Directions for this task: Return only how many lines in the data include the string "finally".

Records to use:
lemma inner_diagonal_commute: "inner (\<chi> j. c j * u $ j) v = inner u (\<chi> j. c j * v $ j)"
  for c :: "'n::finite \<Rightarrow> real"
  by (simp add: inner_vec_def mult_ac)

lemma A_h_eq:
  "A_h x0 L V \<omega> u = - (1 / 2) *\<^sub>R Dxx_app x0 L u + (\<chi> j. (V (gridpt x0 L j) + \<omega>) * u $ j)"
  by (simp add: A_h_def vec_eq_iff)

lemma linear_A_h: "linear (A_h x0 L V \<omega>)"
  by (rule linearI)
    (simp_all add: A_h_eq linear_add[OF linear_Dxx_app] linear_scale[OF linear_Dxx_app]
      vec_eq_iff algebra_simps)

lemma inner_A_h_commute: "inner (A_h x0 L V \<omega> u) v = inner u (A_h x0 L V \<omega> v)"
  by (simp add: A_h_eq inner_add inner_diff_left inner_diff_right inner_Dxx_app_commute
      inner_diagonal_commute)

lemma inner_h_eq: "inner_h L u v = hh L TYPE('m) * inner u v"
  for u v :: "'m::finite grid"
  by (simp add: inner_h_def inner_vec_def)

lemma hh_pos: "0 < L \<Longrightarrow> 0 < hh L TYPE('m::finite)"
  by (simp add: hh_def Mh_def)

lemma Q_h_eq_inner_h: "Q_h x0 L V \<omega> u = inner_h L (A_h x0 L V \<omega> u) u"
  for u :: "'m::finite grid"
proof -
  have "Q_h x0 L V \<omega> u = hh L TYPE('m) * (- inner (Dxx_app x0 L u) u / 2
      + (\<Sum>j\<in>UNIV. V (gridpt x0 L j) * \<bar>u $ j\<bar>\<^sup>2) + \<omega> * inner u u)"
    by (simp add: Q_h_def semi1sq_h_def normsq_h_def inner_h_eq algebra_simps)
  also have "- inner (Dxx_app x0 L u) u / 2 + (\<Sum>j\<in>UNIV. V (gridpt x0 L j) * \<bar>u $ j\<bar>\<^sup>2)
      + \<omega> * inner u u = inner (A_h x0 L V \<omega> u) u"
    unfolding A_h_eq inner_add_left
    by (simp add: inner_vec_def power2_eq_square algebra_simps sum.distrib sum_distrib_left
        sum_negf sum_divide_distrib)
  finally show ?thesis
    by (simp add: inner_h_eq)
qed

lemma semi1sq_h_nonneg: "0 < L \<Longrightarrow> 0 \<le> semi1sq_h x0 L u"
  for u :: "'m::finite grid"
  using inner_Dxx_app_self_nonpos[of x0 L u] hh_pos[of L, where 'm='m]
  by (simp add: semi1sq_h_def inner_h_eq mult_nonneg_nonpos)

lemma norm1_h_nonneg: "0 < L \<Longrightarrow> 0 \<le> norm1_h x0 L u"
  for u :: "'m::finite grid"
  using semi1sq_h_nonneg[of L x0 u] hh_pos[of L, where 'm = 'm]
  by (simp add: norm1_h_def normsq_h_def inner_h_eq)

lemma norm1_h_sq:
  fixes u :: "'m::finite grid"
  assumes "0 < L"
  shows "(norm1_h x0 L u)\<^sup>2 = hh L TYPE('m) * (norm u)\<^sup>2 + semi1sq_h x0 L u"
  using semi1sq_h_nonneg[OF assms, of x0 u] hh_pos[OF assms, where 'm='m]
  by (simp add: norm1_h_def normsq_h_def inner_h_eq power2_norm_eq_inner)

lemma norm1_h_lower:
  fixes u :: "'m::finite grid"
  assumes "0 < L"
  shows "hh L TYPE('m) * (norm u)\<^sup>2 \<le> (norm1_h x0 L u)\<^sup>2"
  using norm1_h_sq[OF assms, of x0 u] semi1sq_h_nonneg[OF assms, of x0 u] by simp

lemma norm1_h_upper:
  assumes "0 < L"
  shows "\<exists>C>0. \<forall>u :: 'm::finite grid. (norm1_h x0 L u)\<^sup>2 \<le> C * (norm u)\<^sup>2"
proof -
  obtain K where K: "K \<ge> 0" "\<And>u :: 'm grid. \<bar>inner (Dxx_app x0 L u) u\<bar> \<le> K * (norm u)\<^sup>2"
    using quadratic_form_bound[OF linear_Dxx_app] by blast
  let ?h = "hh L TYPE('m)"
  have "(norm1_h x0 L u)\<^sup>2 \<le> (?h + ?h * K) * (norm u)\<^sup>2" for u :: "'m grid"
  proof -
    have "semi1sq_h x0 L u = ?h * - inner (Dxx_app x0 L u) u"
      by (simp add: semi1sq_h_def inner_h_eq)
    also have "\<dots> \<le> ?h * (K * (norm u)\<^sup>2)"
      using K(2)[of u] hh_pos[OF assms, where 'm='m] by (intro mult_left_mono) auto
    finally show ?thesis
      by (simp add: norm1_h_sq[OF assms] distrib_right)
  qed
  moreover have "0 < ?h + ?h * K"
    using K(1) hh_pos[OF assms, where 'm='m] by (simp add: add_pos_nonneg)
  ultimately show ?thesis
    by blast
qed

Solved exercise: 2